Who will I be going forward?
In our own way, each of us has gone through the five stages of loss: denial, anger, bargaining, depression, and acceptance. We began with denial. Some stopped at anger or with depression. Some got to acceptance.
I have not had COVID. I have had two Moderna vaccine shots. I have not had a family member or close friend die. With some combination of denial, anger, and eventual acceptance, I kept elements of my life and work going virtually. Other elements stopped.
I am ready to move on without COVID as the dominant influence on my life. I will:
- Walk into my coffee shop without a face mask.
- Ask a friend to join me for a drink at the local bar.
- Shake hands and hug colleagues I have not seen in a year.
- Get off the parade of Zoom calls.
- Meet a new friend at a chance encounter.
The life I knew before COVID stopped. The end of the COVID lockdown is an opportunity for me to change the life I was living before COVID. I have decisions to make about my life going forward–about the post-COVID life I will create.
- I now have connected with a larger virtual world. What will happen with those connections?
- The early morning bumper-to-bumper drives into Boston for a meeting or event stopped.

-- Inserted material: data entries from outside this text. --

lemma nk_matrix_bracket:
  fixes a b :: rat
  assumes "x \<in> carrier_vec 6" and "y \<in> carrier_vec 6"
  shows "nk_matrix (of_nat k) a b *\<^sub>v nk_bracket k x y =
    nk_bracket k (nk_matrix (of_nat k) a b *\<^sub>v x) (nk_matrix (of_nat k) a b *\<^sub>v y)"
    (is "?A *\<^sub>v _ = _")
proof (rule eq_vecI)
  fix i assume "i < dim_vec (nk_bracket k (?A *\<^sub>v x) (?A *\<^sub>v y))"
  then have "i < 6" by (simp add: nk_bracket_def)
  with assms show "(?A *\<^sub>v nk_bracket k x y) $ i = nk_bracket k (?A *\<^sub>v x) (?A *\<^sub>v y) $ i"
    by (auto simp: less_Suc_eq numeral_eq_Suc nk_matrix_def nk_bracket_def mult_mat_vec_def
        scalar_prod_def sum_atLeast0_numeral sum_lessThan_numeral nk_struct_def algebra_simps)
qed (simp add: nk_matrix_def nk_bracket_def)

lemma order_prod_linear_factors: "order z (\<Prod>r\<leftarrow>rs. [:-r, 1:]) = count_list rs z"
proof (induction rs)
  case (Cons r rs)
  have "(\<Prod>r\<leftarrow>rs. [:-r, 1:]) \<noteq> 0" by (auto simp: prod_list_zero_iff)
  then have "order z (\<Prod>r\<leftarrow>r # rs. [:-r, 1:]) = order z [:-r, 1:] + order z (\<Prod>r\<leftarrow>rs. [:-r, 1:])"
    by (simp only: list.map prod_list.Cons) (rule order_mult, simp del: mult_pCons_left)
  with Cons.IH show ?case by (simp add: order_linear')
qed (simp add: order_0I)

lemma poly_prod_linear_factors_eq_0:
  fixes z :: "'a :: idom"
  shows "poly (\<Prod>r\<leftarrow>rs. [:-r, 1:]) z = 0 \<longleftrightarrow> z \<in> set rs"
  by (induction rs) auto

lemma sum_count_list_filter:
  "(\<Sum>z\<in>{z \<in> set rs. P z}. count_list rs z) = length (filter P rs)"
proof -
  have "count_list rs z = count_list (filter P rs) z" if "P z" for z
    using that by (induction rs) auto
  then have "(\<Sum>z\<in>{z \<in> set rs. P z}. count_list rs z) = sum (count_list (filter P rs)) {z \<in> set rs. P z}"
    by (intro sum.cong) auto
  also have "\<dots> = length (filter P rs)" by (rule sum_count_set) auto
  finally show ?thesis .
qed

lemma eigenvalue_cmat_iff:
  assumes "A \<in> carrier_mat n n" and "char_poly (cmat A) = (\<Prod>r\<leftarrow>rs. [:-r, 1:])"
  shows "eigenvalue (cmat A) z \<longleftrightarrow> z \<in> set rs"
proof -
  have "cmat A \<in> carrier_mat n n" using assms(1) by (simp add: cmat_def)
  then show ?thesis
    by (simp add: eigenvalue_root_char_poly assms(2) poly_prod_linear_factors_eq_0)
qed

lemma sum_order_eigenvalues_cmat:
  assumes "A \<in> carrier_mat n n" and cp: "char_poly (cmat A) = (\<Prod>r\<leftarrow>rs. [:-r, 1:])"
  shows "(\<Sum>z\<in>{z. eigenvalue (cmat A) z \<and> P z}. order z (char_poly (cmat A))) = length (filter P rs)"
proof -
  have "{z. eigenvalue (cmat A) z \<and> P z} = {z \<in> set rs. P z}"
    using eigenvalue_cmat_iff[OF assms] by auto
  then have "(\<Sum>z\<in>{z. eigenvalue (cmat A) z \<and> P z}. order z (char_poly (cmat A))) =
      (\<Sum>z\<in>{z \<in> set rs. P z}. count_list rs z)"
    unfolding cp order_prod_linear_factors by simp
  then show ?thesis unfolding sum_count_list_filter .
qed

lemma integer_like_of_int_mat:
  fixes B :: "int mat"
  assumes "B \<in> carrier_mat n n" and "det B = 1 \<or> det B = -1"
  shows "integer_like (map_mat rat_of_int B)"
proof -
  have "char_poly (map_mat rat_of_int B) = map_poly of_int (char_poly B)"
    by (rule of_int_hom.char_poly_hom[OF assms(1)])
  then have "coeff (char_poly (map_mat rat_of_int B)) i \<in> \<int>" for i by (simp add: coeff_map_poly)
  then show ?thesis using assms(2) unfolding integer_like_def by auto
qed

lemma quadratic_factor:
  fixes x y :: "'a :: comm_ring_1"
  assumes "x + y = t" and "x * y = c"
  shows "[:c, -t, 1:] = [:-x, 1:] * [:-y, 1:]"
  using assms by (auto simp: algebra_simps)

lemma real_quadratic_roots_around_1:
  fixes t c :: real
  assumes "0 < c" and "1 + c < t"
  obtains x y where "x + y = t" "x * y = c" "1 < x" "0 < y" "y < 1"
proof -
  define d where "d = sqrt (t^2 - 4 * c)"
  have "(1 + c)^2 - 4 * c = (1 - c)^2" by (simp add: power2_eq_square algebra_simps)
  then have "4 * c \<le> (1 + c)^2" by (smt (verit) zero_le_power2)
  also have "\<dots> < t^2" using assms by (intro power_strict_mono) auto
  finally have d: "d^2 = t^2 - 4 * c" "d \<ge> 0" unfolding d_def by simp_all
  define x y where "x = (t + d) / 2" and "y = (t - d) / 2"
  have sum: "x + y = t" and prod: "x * y = c"
    unfolding x_def y_def using d(1) by (simp_all add: field_simps power2_eq_square)
  \<comment> \<open>The quadratic is negative at 1, so 1 separates its roots.\<close>
  have "(1 - x) * (1 - y) < 0" using sum prod assms(2) by (simp add: algebra_simps)
  moreover have "y \<le> x" unfolding x_def y_def using d(2) by simp
  ultimately have "y < 1" "1 < x" by (auto simp: mult_less_0_iff)
  moreover have "0 < y" using prod \<open>1 < x\<close> assms(1) by (simp add: zero_less_mult_iff flip: prod)
  ultimately show ?thesis using that sum prod by blast
qed

lemma complex_quadratic_roots:
  fixes t c :: real
  assumes "t^2 \<le> 4 * c"
  obtains z :: complex where "z + cnj z = t" "z * cnj z = c" "cmod z = sqrt c"
proof
  define z where "z = Complex (t / 2) (sqrt (4 * c - t^2) / 2)"
  have norm: "Re z ^ 2 + Im z ^ 2 = c" unfolding z_def using assms by (simp add: power_divide field_simps)
  show "z + cnj z = t" unfolding z_def by (simp add: complex_eq_iff)
  show "z * cnj z = c" using norm by (simp add: complex_mult_cnj)
  show "cmod z = sqrt c" unfolding cmod_def norm ..
qed

lemma nk_char_poly_split:
  fixes a d e s :: "'a :: field_char_0"
  assumes "e + s = 2 * a" and "e * s = a^2 - d"
  shows "([:a, -a, 1:]^2 - [:d:] * [:1, 1:]^2) * ([:-a, 1:]^2 - [:d:]) =
    [:s, -e, 1:] * [:e, -s, 1:] * ([:-e, 1:] * [:-s, 1:])"
proof -
  have a: "a = (e + s) / 2" and d: "d = ((e + s) / 2)^2 - e * s" using assms by (simp_all add: field_simps)
  have "[:a, -a, 1:]^2 - [:d:] * [:1, 1:]^2 = [:s, -e, 1:] * [:e, -s, 1:]"
    unfolding a d by (simp add: power2_eq_square field_simps)
  moreover have "[:-a, 1:]^2 - [:d:] = [:-e, 1:] * [:-s, 1:]"
    using assms by (simp add: power2_eq_square algebra_simps)
  ultimately show ?thesis by simp
qed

Will I do those in-person meetings again?
- What will I do to rebuild the large network of friends and acquaintances that collapsed during COVID. What will be their role in my life?
- I disengaged from many pre-COVID commitments and activities. Which ones do I want to re-engage?
- What doors do I re-open? What doors do I leave closed?
I am eager to resume my life without the anxieties and limitations that have been ingrained in my mind and everything I did for the last year. I will purposefully choose the life I will be living going forward and who I will be. I will create my life in this new world by the choices I make.